*Your instructions:*
Give the data below again, word for word.

Data entries
lemma sign_vec_eigvec:
  assumes i0: "i0 \<in> {1..n}" and S: "even_subset E (comp i0) S"
  shows "lap_eigvec n k E 0 (sign_vec (comp i0) S)"
proof -
  let ?C = "comp i0" and ?x = "sign_vec (comp i0) S"
  have SC: "S \<subseteq> ?C" using S by (simp add: even_subset_def)
  have "lap_apply k E ?x i = 0" if i: "i \<in> {1..n}" for i
  proof (cases "i \<in> ?C")
    case True
    then have C: "comp i = ?C" by (rule comp_eq)
    have sign: "?x l \<in> {1, -1}" if "l \<in> comp i" for l
      using that C SC by (auto simp: sign_vec_def)
    have "prod ?x e = 1" if "e \<in> edges_at E i" for e
    proof -
      have "e \<in> E" "e \<subseteq> ?C"
        using that edges_at_subset_comp[OF that i] C by (auto simp: edges_at_def)
      with S show ?thesis by (simp add: prod_sign_vec_eq_1_iff even_subset_def)
    qed
    then show ?thesis by (simp add: lap_apply_sign_eq_0_iff[OF i sign])
  next
    case False
    show ?thesis
    proof (rule lap_apply_vanishing[OF i])
      fix l assume "l \<in> comp i"
      then have "l \<notin> ?C" using disjoint_comp[OF i False] by blast
      then show "?x l = 0" using SC by (auto simp: sign_vec_def)
    qed
  qed
  moreover have "?x i = 0" if "i \<notin> {1..n}" for i
    using that comp_subset[of i0] SC by (auto simp: sign_vec_def)
  moreover have "?x i0 \<noteq> 0" using comp_self[OF i0] by (simp add: sign_vec_def)
  ultimately show ?thesis
    unfolding lap_eigvec_def using i0 by auto
qed

lemma sign_vec_in_min_can_H0:
  assumes i0: "i0 \<in> {1..n}" and S: "even_subset E (comp i0) S"
  shows "sign_vec (comp i0) S \<in> min_can_H0 n k E"
proof -
  let ?C = "comp i0" and ?x = "sign_vec (comp i0) S"
  have supp: "supp_vec ?x = ?C" using S by (simp add: even_subset_def supp_vec_sign_vec)
  have "\<not> supp_vec y \<subset> ?C" if y: "lap_eigvec n k E 0 y" for y
  proof
    assume less: "supp_vec y \<subset> ?C"
    obtain i where i: "i \<in> {1..n}" "y i \<noteq> 0" using y by (auto simp: lap_eigvec_def)
    with less have "comp i = ?C" by (intro comp_eq) (auto simp: supp_vec_def)
    with less comp_subset_supp_vec[OF y i] show False by blast
  qed
  then have "minimal_zero_eigvec n k E ?x"
    using sign_vec_eigvec[OF assms] supp by (auto simp: minimal_zero_eigvec_def)
  moreover have "is_H_vec ?x" by (simp add: is_H_vec_def sign_vec_def)
  moreover have "Max ((\<lambda>i. norm (?x i)) ` {1..n}) = 1"
  proof (rule Max_eqI)
    show "1 \<in> (\<lambda>i. norm (?x i)) ` {1..n}"
      using i0 comp_self[OF i0] by (intro image_eqI[of _ _ i0]) (auto simp: sign_vec_def)
  qed (auto simp: sign_vec_def)
  ultimately show ?thesis by (simp add: min_can_H0_def canonical_vec_def)
qed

*Response:*
lemma sign_vec_eigvec:
  assumes i0: "i0 \<in> {1..n}" and S: "even_subset E (comp i0) S"
  shows "lap_eigvec n k E 0 (sign_vec (comp i0) S)"
proof -
  let ?C = "comp i0" and ?x = "sign_vec (comp i0) S"
  have SC: "S \<subseteq> ?C" using S by (simp add: even_subset_def)
  have "lap_apply k E ?x i = 0" if i: "i \<in> {1..n}" for i
  proof (cases "i \<in> ?C")
    case True
    then have C: "comp i = ?C" by (rule comp_eq)
    have sign: "?x l \<in> {1, -1}" if "l \<in> comp i" for l
      using that C SC by (auto simp: sign_vec_def)
    have "prod ?x e = 1" if "e \<in> edges_at E i" for e
    proof -
      have "e \<in> E" "e \<subseteq> ?C"
        using that edges_at_subset_comp[OF that i] C by (auto simp: edges_at_def)
      with S show ?thesis by (simp add: prod_sign_vec_eq_1_iff even_subset_def)
    qed
    then show ?thesis by (simp add: lap_apply_sign_eq_0_iff[OF i sign])
  next
    case False
    show ?thesis
    proof (rule lap_apply_vanishing[OF i])
      fix l assume "l \<in> comp i"
      then have "l \<notin> ?C" using disjoint_comp[OF i False] by blast
      then show "?x l = 0" using SC by (auto simp: sign_vec_def)
    qed
  qed
  moreover have "?x i = 0" if "i \<notin> {1..n}" for i
    using that comp_subset[of i0] SC by (auto simp: sign_vec_def)
  moreover have "?x i0 \<noteq> 0" using comp_self[OF i0] by (simp add: sign_vec_def)
  ultimately show ?thesis
    unfolding lap_eigvec_def using i0 by auto
qed

lemma sign_vec_in_min_can_H0:
  assumes i0: "i0 \<in> {1..n}" and S: "even_subset E (comp i0) S"
  shows "sign_vec (comp i0) S \<in> min_can_H0 n k E"
proof -
  let ?C = "comp i0" and ?x = "sign_vec (comp i0) S"
  have supp: "supp_vec ?x = ?C" using S by (simp add: even_subset_def supp_vec_sign_vec)
  have "\<not> supp_vec y \<subset> ?C" if y: "lap_eigvec n k E 0 y" for y
  proof
    assume less: "supp_vec y \<subset> ?C"
    obtain i where i: "i \<in> {1..n}" "y i \<noteq> 0" using y by (auto simp: lap_eigvec_def)
    with less have "comp i = ?C" by (intro comp_eq) (auto simp: supp_vec_def)
    with less comp_subset_supp_vec[OF y i] show False by blast
  qed
  then have "minimal_zero_eigvec n k E ?x"
    using sign_vec_eigvec[OF assms] supp by (auto simp: minimal_zero_eigvec_def)
  moreover have "is_H_vec ?x" by (simp add: is_H_vec_def sign_vec_def)
  moreover have "Max ((\<lambda>i. norm (?x i)) ` {1..n}) = 1"
  proof (rule Max_eqI)
    show "1 \<in> (\<lambda>i. norm (?x i)) ` {1..n}"
      using i0 comp_self[OF i0] by (intro image_eqI[of _ _ i0]) (auto simp: sign_vec_def)
  qed (auto simp: sign_vec_def)
  ultimately show ?thesis by (simp add: min_can_H0_def canonical_vec_def)
qed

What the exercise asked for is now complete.